Tests of the central prediction using interspecific comparisons and measurements on wild populations have provided mixed results (e.g., Promislow 1991; Ricklefs 1998), possibly because of the difficulties in measuring extrinsic mortality and senescence in the wild (Williams et al. 2006). Often, presumed correlates of extrinsic mortality, such as flight and arboreality versus terrestrial living (e.g., Shattuck and Williams 2010; Wasser and Sherman 2010), are used rather than direct measures. The ideal test would involve laboratory populations that could be exposed to different levels of extrinsic mortality while controlling for possible confounding variables, such as population density, and for which senescence could be accurately measured. It appears that few such experiments have been conducted. Stearns et al. (2000) conducted an experiment of this type with Drosophila melanogaster, and found that higher extrinsic mortality, imposed by random culling, does indeed select for a higher rate of senescence. These results were confirmed with a similar experiment conducted with Caenorhabditis remanei (Chen and Maklakov 2012), but gave the opposite result (a lower rate of senescence) when extrinsic mortality was not random, but imposed by heat-shock.

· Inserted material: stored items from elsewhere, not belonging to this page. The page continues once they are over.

lemma exp_sampling_on_grid:
  assumes "t > 0" and "w * ln t = of_int n" and "w \<noteq> 0"
  shows "exp_sampling K w f t = infsum (\<lambda>m::int. K (exp (- of_int m)) * f (t * exp (of_int m / w))) UNIV"
  unfolding exp_sampling_def
proof (rule sym, rule infsum_reindex_bij_witness[where j = "\<lambda>m. m + n" and i = "\<lambda>k. k - n"])
  fix m :: int
  have "t powr w = exp (of_int n)"
    using assms by (simp add: powr_def mult.commute)
  moreover have "of_int (m + n) / w = of_int m / w + ln t"
    using assms by (simp add: add_divide_distrib divide_eq_eq mult.commute)
  then have "exp (of_int (m + n) / w) = t * exp (of_int m / w)"
    using assms by (simp add: exp_add)
  moreover have "exp (- of_int (m + n)) * exp (of_int n) = exp (- of_int m :: real)"
    by (simp flip: exp_add)
  ultimately show "K (exp (- of_int (m + n)) * t powr w) * f (exp (of_int (m + n) / w))
      = K (exp (- of_int m)) * f (t * exp (of_int m / w))"
    by simp
qed auto

lemma tendsto_sampled_jump_at_top:
  fixes g :: "int \<Rightarrow> real" and f :: "real \<Rightarrow> real"
  assumes g: "g summable_on UNIV"
    and bounded: "\<And>x. x > 0 \<Longrightarrow> \<bar>f x\<bar> \<le> B"
    and "t > 0"
    and right: "(f \<longlongrightarrow> fp) (at_right t)"
    and left: "(f \<longlongrightarrow> fm) (at_left t)"
  shows "((\<lambda>w. infsum (\<lambda>m. g m * f (t * exp (of_int m / w))) UNIV)
          \<longlongrightarrow> infsum g {k. k < 0} * fm + g 0 * f t + infsum g {k. k > 0} * fp) at_top"
proof -
  define L where "L m = (if m < 0 then fm else if m = 0 then f t else fp)" for m :: int
  have lim: "((\<lambda>w. f (t * exp (of_int m / w))) \<longlongrightarrow> L m) at_top" for m
  proof (cases m "0::int" rule: linorder_cases)
    case less
    with filterlim_compose[OF left filterlim_mult_exp_div_at_left[OF \<open>t > 0\<close>]]
    show ?thesis by (simp add: L_def)
  next
    case equal
    then show ?thesis by (simp add: L_def)
  next
    case greater
    with filterlim_compose[OF right filterlim_mult_exp_div_at_right[OF \<open>t > 0\<close>]]
    show ?thesis by (simp add: L_def)
  qed
  have sample_bound: "\<bar>f (t * exp (of_int m / w))\<bar> \<le> B" for m w
    using \<open>t > 0\<close> by (intro bounded) simp
  have L_bound: "\<bar>L m\<bar> \<le> B" for m
    by (rule tendsto_upperbound[OF tendsto_rabs[OF lim]]) (simp_all add: sample_bound)
  have "((\<lambda>w. infsum (\<lambda>m. g m * f (t * exp (of_int m / w))) UNIV) \<longlongrightarrow> infsum (\<lambda>m. g m * L m) UNIV) at_top"
  proof (rule tendsto_infsum_dominated_at_top[where w = "\<lambda>m. \<bar>g m\<bar> * B"])
    show "(\<lambda>m. \<bar>g m\<bar> * B) summable_on UNIV"
      using summable_on_iff_abs_summable_on_real[THEN iffD1, OF g] by (simp add: summable_on_cmult_left)
    show "\<bar>g m * f (t * exp (of_int m / w))\<bar> \<le> \<bar>g m\<bar> * B" for m w
      by (simp add: abs_mult mult_left_mono sample_bound)
  qed (intro tendsto_mult tendsto_const lim)
  also have "infsum (\<lambda>m. g m * L m) UNIV
      = infsum (\<lambda>m. g m * L m) {k. k < 0} + g 0 * f t + infsum (\<lambda>m. g m * L m) {k. k > 0}"
    by (subst infsum_int_split_at_zero[OF summable_on_mult_bounded[OF g L_bound]]) (simp add: L_def)
  also have "infsum (\<lambda>m. g m * L m) {k. k < 0} = infsum g {k. k < 0} * fm"
    by (subst infsum_cmult_left[symmetric]) (auto intro: summable_on_subset[OF g] infsum_cong simp: L_def)
  also have "infsum (\<lambda>m. g m * L m) {k. k > 0} = infsum g {k. k > 0} * fp"
    by (subst infsum_cmult_left[symmetric]) (auto intro: summable_on_subset[OF g] infsum_cong simp: L_def)
  finally show ?thesis .
qed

Heat-shock is expected to cause “condition-dependent” mortality, such that individuals in better condition have higher survival, which implies selection. If older ages suffer higher extrinsic mortality, because of senescence, this may reduce the rate of senescence. Condition-dependent mortality may be equivalent to density-dependence affecting the survivorship of older individuals more than younger individuals, in which case an increase in extrinsic mortality is expected to reduce the rate senescence (Abrams 1993). Condition-dependent extrinsic mortality has been explored in a formal model and is an area in need of further investigation (Williams et al. 2003). However, extrinsic mortality in natural populations may be mostly condition-independent (Ricklefs 1998).

Conclusion

The claim that the classic theory does not predict an increase in the rate of senescence with an increase in extrinsic mortality is strictly incorrect. With the realistic assumption of a constant population size on an evolutionary time scale, the intuition of G. C. Williams (1957) is correct (Hamilton 1966) and empiricists have not been misguided in using this strong prediction to test the theory.